Русский классик более 100 лет назад написал письмо своему брату, талантливому художнику, но слабохарактерному и страдающему от беспробудного пьянства.
Русский классик более 100 лет назад написал письмо своему брату, талантливому художнику, но слабохарактерному и страдающему от беспробудного пьянства.
Москва, 1886.
«Ты часто жаловался мне, что тебя «не понимают!». На это даже Гёте и Ньютон не жаловались... Жаловался только Христос, но тот говорил не о своём «я», а о своём учении... Тебя отлично понимают... Если же ты сам себя не понимаешь, то это не вина других...
Уверяю тебя, что, как брат и близкий тебе человек, я тебя понимаю и от всей души тебе сочувствую... Все твои хорошие качества я знаю, как свои пять пальцев, ценю их и отношусь к ним с самым глубоким уважением. Я, если хочешь, в доказательство того, что понимаю тебя, могу даже перечислить эти качества. По-моему, ты добр до тряпичности, великодушен, не эгоист, делишься последней копейкой, искренен; ты чужд зависти и ненависти, простодушен, жалеешь людей и животных, не ехиден, незлопамятен, доверчив... Ты одарён свыше тем, чего нет у других: у тебя талант. Этот талант ставит тебя выше миллионов людей, ибо на земле один художник приходится только на 2 000 000...
Талант ставит тебя в обособленное положение: будь ты жабой или тарантулом, то и тогда бы тебя уважали, ибо таланту всё прощается. Недостаток же у тебя только один. В нем и твоя ложная почва, и твое горе, и твой катар кишок. Это — твоя крайняя невоспитанность. Извини, пожалуйста, но veritas magis amicitiae... Дело в том, что жизнь имеет свои условия... Чтобы чувствовать себя в своей тарелке в интеллигентной среде, чтобы не быть среди неё чужим и самому не тяготиться ею, нужно быть известным образом воспитанным... Талант занес тебя в эту среду, ты принадлежишь ей, но... тебя тянет от неё, и тебе приходится балансировать между культурной публикой и жильцами vis-a-vis. Сказывается плоть мещанская, выросшая на розгах, у рейнскового погреба, на подачках. Победить её трудно, ужасно трудно.

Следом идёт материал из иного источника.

(* Let $a,b\in\mathbb{Q}^*$ be multiplicatively independent. Then the set of primes $p$ with $\operatorname{ord}_p(a)=\operatorname{ord}_p(b)=0$ such that $(b \bmod p)$ lies in the subgroup $\langle a \bmod p\rangle$ of $\mathbb{F}_p^*$ is infinite.
   Context: Elements $a,b\in\mathbb{Q}^*$ are multiplicatively independent if there are no integers $x,y$, not both zero, with $a^xb^y=1$. For a prime $p$ and $x\in\mathbb{Q}^*$, $\operatorname{ord}_p(x)$ denotes the exponent of $p$ in $x$; when $\operatorname{ord}_p(x)=0$, $x \bmod p$ denotes the reduction of $x$ in $\mathbb{F}_p^*$. *)

theory Defs
  imports Complex_Main "HOL-Computational_Algebra.Primes" "HOL-Number_Theory.Cong"
begin

definition rat_num :: "rat \<Rightarrow> int" where "rat_num x = fst (quotient_of x)"
definition rat_den :: "rat \<Rightarrow> int" where "rat_den x = snd (quotient_of x)"

definition ord_p :: "nat \<Rightarrow> rat \<Rightarrow> int" where
  "ord_p p x = int (multiplicity (int p) (rat_num x)) - int (multiplicity (int p) (rat_den x))"

text \<open>Equality of reductions modulo p of two rationals x, y with ord_p = 0:
  (x mod p) = (y mod p) in F_p, i.e. num x * den y = num y * den x mod p.\<close>
definition rat_mod_eq :: "nat \<Rightarrow> rat \<Rightarrow> rat \<Rightarrow> bool" where
  "rat_mod_eq p x y \<longleftrightarrow> [rat_num x * rat_den y = rat_num y * rat_den x] (mod int p)"

definition mult_independent :: "rat \<Rightarrow> rat \<Rightarrow> bool" where
  "mult_independent a b \<longleftrightarrow>
     \<not> (\<exists>x y :: int. (x \<noteq> 0 \<or> y \<noteq> 0) \<and> a powi x * b powi y = 1)"

end

theory Submission
  imports Defs "HOL-Number_Theory.Number_Theory"
begin

(* Write a = A/B and b = C/D in lowest terms; independence excludes a = 1 and a = -1, i.e.
   |A| \<noteq> |B|. For primes p not dividing ABCD, b is a power a^n modulo p iff p divides
   C B^n - A^n D. Up to a fixed factor and an index shift these numbers are
   M k = X B^k - A^k Y with X prime to A and Y prime to B, and every prime divisor of M k
   (k > 0) avoids ABCD. If only finitely many primes divided some M k, let P be their product
   and pick c with M c \<noteq> 0. By Euler's theorem M (c + m L) \<equiv> M c modulo |M c| P, where
   L = totient (|M c| P), so M (c + m L) = M c z with z \<equiv> 1 (mod P). As |M k| grows without
   bound, |z| > 1 for some m, and a prime factor of z is a prime divisor missing from P. *)

lemma eventually_power_diff_gt:
  fixes a b x y :: real
  assumes "1 \<le> b" "b < a"
  shows "eventually (\<lambda>k. y < a ^ k - x * b ^ k) sequentially"
proof -
  define r where "r = a / b"
  have "1 < r" using assms unfolding r_def by simp
  then obtain N where N: "x + \<bar>y\<bar> < r ^ N" using real_arch_pow by blast
  show ?thesis
  proof (rule eventually_sequentiallyI)
    fix k assume "N \<le> k"
    then have rk: "x + \<bar>y\<bar> < r ^ k"
      using N \<open>1 < r\<close> power_increasing[of N k r] by linarith
    have "a ^ k - x * b ^ k = b ^ k * (r ^ k - x)"
      using assms unfolding r_def by (simp add: power_divide algebra_simps)
    also have "\<dots> \<ge> r ^ k - x"
      using rk assms by (intro mult_le_cancel_right1[THEN iffD2]) auto
    finally show "y < a ^ k - x * b ^ k" using rk by linarith
  qed
qed
section \<open>Growth of the mean before the cutoff\<close>

text \<open>For k <= n log n, mu = (n-1)(1 - 1/n)^k >= exp (log n - k/n - 3); this uses
  log (1 - x) >= -x - 2x^2 for 0 <= x <= 1/2.\<close>
lemma mean_untouched_lower:
  assumes n2: "n \<ge> 2" and k_le: "real k \<le> real n * ln (real n)"
  shows "exp (- ((real k - real n * ln (real n)) / real n) - 3) \<le> mean_untouched n k"
proof -
  define x where "x = 1 / real n"
  have npos: "real n > 0" and n2r: "real n \<ge> 2" using n2 by auto
  have x0: "0 \<le> x" and xh: "x \<le> 1 / 2" unfolding x_def using n2r by auto
  have m1pos: "real n - 1 > 0" using n2r by simp
  have \<mu>_eq: "mean_untouched n k = (real n - 1) * (1 - x) ^ k"
    unfolding mean_untouched_def x_def using n2 npos
    by (simp add: of_nat_diff power_divide field_simps)
  have ln_\<mu>: "ln (mean_untouched n k) = ln (real n - 1) + real k * ln (1 - x)"
    unfolding \<mu>_eq using m1pos xh by (simp add: ln_mult ln_realpow)
  have step_loss: "real k * (- x - 2 * x ^ 2) \<le> real k * ln (1 - x)"
    by (intro mult_left_mono ln_one_minus_pos_lower_bound x0 xh) simp
  have quadratic_small: "real k * x ^ 2 \<le> 1"
  proof -
    have "real k * x ^ 2 \<le> (real n * ln (real n)) * x ^ 2"
      by (intro mult_right_mono k_le) simp
    also have "\<dots> = ln (real n) / real n"
      unfolding x_def using npos by (simp add: power2_eq_square)
    also have "\<dots> \<le> 1"
      using ln_le_minus_one[OF npos] npos by (simp add: pos_divide_le_eq)
    finally show ?thesis .
  qed
  have ln_n1: "ln (real n) - 1 \<le> ln (real n - 1)"
  proof -
    have "ln (real n / 2) \<le> ln (real n - 1)"
      using npos n2r by (subst ln_le_cancel_iff) auto
    then show ?thesis
      using npos ln_2_less_1 by (simp add: ln_div)
  qed
  have "- ((real k - real n * ln (real n)) / real n) - 3 = ln (real n) - real k * x - 3"
    unfolding x_def using npos by (simp add: field_simps)
  also have "\<dots> \<le> ln (mean_untouched n k)"
    unfolding ln_\<mu> using step_loss quadratic_small ln_n1 by (simp add: algebra_simps)
  finally have "- ((real k - real n * ln (real n)) / real n) - 3 \<le> ln (mean_untouched n k)" .
  then show ?thesis
    using m1pos \<mu>_eq xh by (subst (asm) exp_le_cancel_iff[symmetric]) simp
qed

lemma mean_untouched_tendsto:
  fixes k :: "nat \<Rightarrow> nat"
  assumes "filterlim (\<lambda>n. (real (k n) - real n * ln (real n)) / real n) at_bot sequentially"
  shows "filterlim (\<lambda>n. mean_untouched n (k n)) at_top sequentially"
  unfolding filterlim_at_top
proof
  fix Z :: real
  have "\<forall>\<^sub>F n in sequentially. (real (k n) - real n * ln (real n)) / real n \<le> - (\<bar>Z\<bar> + 3) \<and> n \<ge> 2"
    using assms unfolding filterlim_at_bot by (intro eventually_conj eventually_ge_at_top) blast
  then show "\<forall>\<^sub>F n in sequentially. Z \<le> mean_untouched n (k n)"
  proof (rule eventually_mono)
    fix n assume h: "(real (k n) - real n * ln (real n)) / real n \<le> - (\<bar>Z\<bar> + 3) \<and> n \<ge> 2"
    then have "(real (k n) - real n * ln (real n)) / real n \<le> 0"
      using abs_ge_zero[of Z] by linarith
    then have "real (k n) \<le> real n * ln (real n)"
      using h by (simp add: divide_le_0_iff)
    then have "exp (- ((real (k n) - real n * ln (real n)) / real n) - 3) \<le> mean_untouched n (k n)"
      using h by (intro mean_untouched_lower) auto
    moreover have "Z \<le> exp \<bar>Z\<bar>"
      using exp_ge_add_one_self[of "\<bar>Z\<bar>"] by linarith
    moreover have "exp \<bar>Z\<bar> \<le> exp (- ((real (k n) - real n * ln (real n)) / real n) - 3)"
      using h by simp
    ultimately show "Z \<le> mean_untouched n (k n)" by linarith
  qed
qed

Воспитанные люди, по моему мнению, должны удовлетворять следующим условиям:
1) Они уважают человеческую личность, а потому всегда снисходительны, мягки, вежливы, уступчивы... Они не бунтуют из-за молотка или пропавшей резинки; живя с кем-нибудь, они не делают из этого одолжения, а уходя, не говорят: с вами жить нельзя! Они прощают и шум, и холод, и пережаренное мясо, и остроты, и присутствие в их жилье посторонних...
2) Они сострадательны не к одним только нищим и кошкам. Они болеют душой и от того, чего не увидишь простым глазом...
3) Они уважают чужую собственность, а потому и платят долги.
4) Они чистосердечны и боятся лжи как огня. Не лгут они даже в пустяках. Ложь оскорбительна для слушателя и опошляет в его глазах говорящего. Они не рисуются, держат себя на улице так же, как дома, не пускают пыли в глаза меньшей братии... Они не болтливы и не лезут с откровенностями, когда их не спрашивают... Из уважения к чужим ушам они чаще молчат.
5) Они не уничтожают себя с той целью, чтобы вызвать в другом сочувствие и помощь. Они не играют на струнах чужих душ, чтоб в ответ им вздыхали и нянчились с ними. Они не говорят: меня не понимают!
6) Они не суетны. Их не занимают такие фальшивые бриллианты, как знакомство со знаменитостями, восторг встречного в Salon'e, известность по портерным...
7) Если они имеют в себе талант, то уважают его. Они жертвуют для него покоем, женщинами, вином, суетой...
8) Они воспитывают в себе эстетику. Они не могут уснуть в одежде, видеть на стене щели с клопами, дышать дрянным воздухом, шагать по оплёванному полу, питаться из керосинки. Они стараются возможно укротить и облагородить половой инстинкт... [...] Воспитанные же в этом отношении не так кухонны. Им нужны от женщины не постель, не лошадиный пот, [...] не ум, выражающийся в умении надуть фальшивой беременностью и лгать без устали... Им, особливо художникам, нужны свежесть, изящество, человечность [...]... Они не трескают походя водку, не нюхают шкафов, ибо они знают, что они не свиньи. Пьют они только, когда свободны, при случае... Ибо им нужна mens sana in corpore sano».